◆ **Activity**: Please restate the data word for word.

======== Provided information ========

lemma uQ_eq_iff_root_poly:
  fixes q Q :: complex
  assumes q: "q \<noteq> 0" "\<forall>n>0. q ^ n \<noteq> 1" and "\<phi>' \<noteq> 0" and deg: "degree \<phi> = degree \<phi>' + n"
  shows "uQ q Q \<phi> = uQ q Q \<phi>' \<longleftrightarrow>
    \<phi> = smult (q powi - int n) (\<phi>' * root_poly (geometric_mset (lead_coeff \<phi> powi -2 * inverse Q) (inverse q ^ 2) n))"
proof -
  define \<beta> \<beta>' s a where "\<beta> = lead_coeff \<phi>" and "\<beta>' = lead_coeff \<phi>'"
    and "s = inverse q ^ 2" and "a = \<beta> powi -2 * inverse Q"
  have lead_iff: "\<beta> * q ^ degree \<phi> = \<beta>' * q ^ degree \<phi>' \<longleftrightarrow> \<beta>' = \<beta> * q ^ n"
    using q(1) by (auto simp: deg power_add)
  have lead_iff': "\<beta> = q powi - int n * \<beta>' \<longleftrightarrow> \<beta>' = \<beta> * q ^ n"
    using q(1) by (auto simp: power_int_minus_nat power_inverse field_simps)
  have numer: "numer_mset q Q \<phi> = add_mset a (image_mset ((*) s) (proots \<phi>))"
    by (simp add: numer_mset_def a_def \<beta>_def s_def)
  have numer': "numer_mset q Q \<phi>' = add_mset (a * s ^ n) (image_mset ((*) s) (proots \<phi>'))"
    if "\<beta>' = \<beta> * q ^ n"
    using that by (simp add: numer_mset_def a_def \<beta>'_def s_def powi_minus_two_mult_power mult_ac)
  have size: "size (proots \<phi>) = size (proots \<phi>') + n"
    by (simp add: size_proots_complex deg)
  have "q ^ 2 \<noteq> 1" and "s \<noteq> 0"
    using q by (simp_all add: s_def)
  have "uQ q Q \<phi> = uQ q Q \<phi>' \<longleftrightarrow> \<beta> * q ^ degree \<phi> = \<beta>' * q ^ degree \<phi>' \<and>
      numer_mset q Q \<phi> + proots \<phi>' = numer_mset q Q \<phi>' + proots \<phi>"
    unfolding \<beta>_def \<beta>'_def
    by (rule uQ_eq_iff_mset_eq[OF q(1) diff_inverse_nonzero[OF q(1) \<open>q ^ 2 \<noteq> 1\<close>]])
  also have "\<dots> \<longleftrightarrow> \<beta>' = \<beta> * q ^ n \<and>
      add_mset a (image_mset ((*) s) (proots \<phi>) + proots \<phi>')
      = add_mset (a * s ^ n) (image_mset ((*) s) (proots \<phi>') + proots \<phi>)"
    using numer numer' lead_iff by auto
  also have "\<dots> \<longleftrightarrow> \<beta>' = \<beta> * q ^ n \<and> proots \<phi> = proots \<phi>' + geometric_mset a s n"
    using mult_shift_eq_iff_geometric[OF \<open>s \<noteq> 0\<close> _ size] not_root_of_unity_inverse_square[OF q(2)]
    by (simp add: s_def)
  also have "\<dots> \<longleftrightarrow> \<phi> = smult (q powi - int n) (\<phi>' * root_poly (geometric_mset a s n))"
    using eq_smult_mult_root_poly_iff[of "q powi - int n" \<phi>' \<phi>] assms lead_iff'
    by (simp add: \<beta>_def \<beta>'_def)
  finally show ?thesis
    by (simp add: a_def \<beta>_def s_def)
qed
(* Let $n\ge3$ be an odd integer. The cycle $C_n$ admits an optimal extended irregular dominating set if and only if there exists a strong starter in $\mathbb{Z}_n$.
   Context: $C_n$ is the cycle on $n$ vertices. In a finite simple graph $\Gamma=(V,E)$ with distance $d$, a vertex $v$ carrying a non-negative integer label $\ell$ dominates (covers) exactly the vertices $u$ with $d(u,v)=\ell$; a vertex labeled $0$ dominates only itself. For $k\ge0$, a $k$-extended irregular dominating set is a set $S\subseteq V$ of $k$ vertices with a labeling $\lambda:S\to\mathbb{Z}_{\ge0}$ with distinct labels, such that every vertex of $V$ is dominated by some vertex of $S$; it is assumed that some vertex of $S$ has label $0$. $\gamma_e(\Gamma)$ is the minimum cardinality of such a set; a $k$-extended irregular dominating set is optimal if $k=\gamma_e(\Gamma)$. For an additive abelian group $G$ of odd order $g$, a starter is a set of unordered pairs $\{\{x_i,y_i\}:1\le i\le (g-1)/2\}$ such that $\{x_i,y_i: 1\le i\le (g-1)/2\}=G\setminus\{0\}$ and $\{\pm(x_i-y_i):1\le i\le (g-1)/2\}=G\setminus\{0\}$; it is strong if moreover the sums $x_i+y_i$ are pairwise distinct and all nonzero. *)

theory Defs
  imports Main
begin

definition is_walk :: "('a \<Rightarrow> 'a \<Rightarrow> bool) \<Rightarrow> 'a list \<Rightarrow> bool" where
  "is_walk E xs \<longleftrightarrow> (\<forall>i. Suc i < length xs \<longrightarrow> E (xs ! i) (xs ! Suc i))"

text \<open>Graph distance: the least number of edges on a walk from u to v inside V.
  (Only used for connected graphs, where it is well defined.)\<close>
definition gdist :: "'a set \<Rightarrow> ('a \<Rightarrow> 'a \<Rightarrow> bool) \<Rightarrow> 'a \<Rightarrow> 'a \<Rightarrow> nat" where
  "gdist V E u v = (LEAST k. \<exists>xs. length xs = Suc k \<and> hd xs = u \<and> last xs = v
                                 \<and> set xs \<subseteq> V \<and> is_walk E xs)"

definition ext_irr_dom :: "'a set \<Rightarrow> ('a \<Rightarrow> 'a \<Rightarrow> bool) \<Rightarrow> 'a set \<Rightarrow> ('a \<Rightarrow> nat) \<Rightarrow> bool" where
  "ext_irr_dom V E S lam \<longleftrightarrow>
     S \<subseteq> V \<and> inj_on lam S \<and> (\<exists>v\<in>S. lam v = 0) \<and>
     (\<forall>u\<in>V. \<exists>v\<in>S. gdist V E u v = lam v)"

========

◆ **Response box**:
lemma uQ_eq_iff_root_poly:
  fixes q Q :: complex
  assumes q: "q \<noteq> 0" "\<forall>n>0. q ^ n \<noteq> 1" and "\<phi>' \<noteq> 0" and deg: "degree \<phi> = degree \<phi>' + n"
  shows "uQ q Q \<phi> = uQ q Q \<phi>' \<longleftrightarrow>
    \<phi> = smult (q powi - int n) (\<phi>' * root_poly (geometric_mset (lead_coeff \<phi> powi -2 * inverse Q) (inverse q ^ 2) n))"
proof -
  define \<beta> \<beta>' s a where "\<beta> = lead_coeff \<phi>" and "\<beta>' = lead_coeff \<phi>'"
    and "s = inverse q ^ 2" and "a = \<beta> powi -2 * inverse Q"
  have lead_iff: "\<beta> * q ^ degree \<phi> = \<beta>' * q ^ degree \<phi>' \<longleftrightarrow> \<beta>' = \<beta> * q ^ n"
    using q(1) by (auto simp: deg power_add)
  have lead_iff': "\<beta> = q powi - int n * \<beta>' \<longleftrightarrow> \<beta>' = \<beta> * q ^ n"
    using q(1) by (auto simp: power_int_minus_nat power_inverse field_simps)
  have numer: "numer_mset q Q \<phi> = add_mset a (image_mset ((*) s) (proots \<phi>))"
    by (simp add: numer_mset_def a_def \<beta>_def s_def)
  have numer': "numer_mset q Q \<phi>' = add_mset (a * s ^ n) (image_mset ((*) s) (proots \<phi>'))"
    if "\<beta>' = \<beta> * q ^ n"
    using that by (simp add: numer_mset_def a_def \<beta>'_def s_def powi_minus_two_mult_power mult_ac)
  have size: "size (proots \<phi>) = size (proots \<phi>') + n"
    by (simp add: size_proots_complex deg)
  have "q ^ 2 \<noteq> 1" and "s \<noteq> 0"
    using q by (simp_all add: s_def)
  have "uQ q Q \<phi> = uQ q Q \<phi>' \<longleftrightarrow> \<beta> * q ^ degree \<phi> = \<beta>' * q ^ degree \<phi>' \<and>
      numer_mset q Q \<phi> + proots \<phi>' = numer_mset q Q \<phi>' + proots \<phi>"
    unfolding \<beta>_def \<beta>'_def
    by (rule uQ_eq_iff_mset_eq[OF q(1) diff_inverse_nonzero[OF q(1) \<open>q ^ 2 \<noteq> 1\<close>]])
  also have "\<dots> \<longleftrightarrow> \<beta>' = \<beta> * q ^ n \<and>
      add_mset a (image_mset ((*) s) (proots \<phi>) + proots \<phi>')
      = add_mset (a * s ^ n) (image_mset ((*) s) (proots \<phi>') + proots \<phi>)"
    using numer numer' lead_iff by auto
  also have "\<dots> \<longleftrightarrow> \<beta>' = \<beta> * q ^ n \<and> proots \<phi> = proots \<phi>' + geometric_mset a s n"
    using mult_shift_eq_iff_geometric[OF \<open>s \<noteq> 0\<close> _ size] not_root_of_unity_inverse_square[OF q(2)]
    by (simp add: s_def)
  also have "\<dots> \<longleftrightarrow> \<phi> = smult (q powi - int n) (\<phi>' * root_poly (geometric_mset a s n))"
    using eq_smult_mult_root_poly_iff[of "q powi - int n" \<phi>' \<phi>] assms lead_iff'
    by (simp add: \<beta>_def \<beta>'_def)
  finally show ?thesis
    by (simp add: a_def \<beta>_def s_def)
qed
(* Let $n\ge3$ be an odd integer. The cycle $C_n$ admits an optimal extended irregular dominating set if and only if there exists a strong starter in $\mathbb{Z}_n$.
   Context: $C_n$ is the cycle on $n$ vertices. In a finite simple graph $\Gamma=(V,E)$ with distance $d$, a vertex $v$ carrying a non-negative integer label $\ell$ dominates (covers) exactly the vertices $u$ with $d(u,v)=\ell$; a vertex labeled $0$ dominates only itself. For $k\ge0$, a $k$-extended irregular dominating set is a set $S\subseteq V$ of $k$ vertices with a labeling $\lambda:S\to\mathbb{Z}_{\ge0}$ with distinct labels, such that every vertex of $V$ is dominated by some vertex of $S$; it is assumed that some vertex of $S$ has label $0$. $\gamma_e(\Gamma)$ is the minimum cardinality of such a set; a $k$-extended irregular dominating set is optimal if $k=\gamma_e(\Gamma)$. For an additive abelian group $G$ of odd order $g$, a starter is a set of unordered pairs $\{\{x_i,y_i\}:1\le i\le (g-1)/2\}$ such that $\{x_i,y_i: 1\le i\le (g-1)/2\}=G\setminus\{0\}$ and $\{\pm(x_i-y_i):1\le i\le (g-1)/2\}=G\setminus\{0\}$; it is strong if moreover the sums $x_i+y_i$ are pairwise distinct and all nonzero. *)

theory Defs
  imports Main
begin

definition is_walk :: "('a \<Rightarrow> 'a \<Rightarrow> bool) \<Rightarrow> 'a list \<Rightarrow> bool" where
  "is_walk E xs \<longleftrightarrow> (\<forall>i. Suc i < length xs \<longrightarrow> E (xs ! i) (xs ! Suc i))"

text \<open>Graph distance: the least number of edges on a walk from u to v inside V.
  (Only used for connected graphs, where it is well defined.)\<close>
definition gdist :: "'a set \<Rightarrow> ('a \<Rightarrow> 'a \<Rightarrow> bool) \<Rightarrow> 'a \<Rightarrow> 'a \<Rightarrow> nat" where
  "gdist V E u v = (LEAST k. \<exists>xs. length xs = Suc k \<and> hd xs = u \<and> last xs = v
                                 \<and> set xs \<subseteq> V \<and> is_walk E xs)"

definition ext_irr_dom :: "'a set \<Rightarrow> ('a \<Rightarrow> 'a \<Rightarrow> bool) \<Rightarrow> 'a set \<Rightarrow> ('a \<Rightarrow> nat) \<Rightarrow> bool" where
  "ext_irr_dom V E S lam \<longleftrightarrow>
     S \<subseteq> V \<and> inj_on lam S \<and> (\<exists>v\<in>S. lam v = 0) \<and>
     (\<forall>u\<in>V. \<exists>v\<in>S. gdist V E u v = lam v)"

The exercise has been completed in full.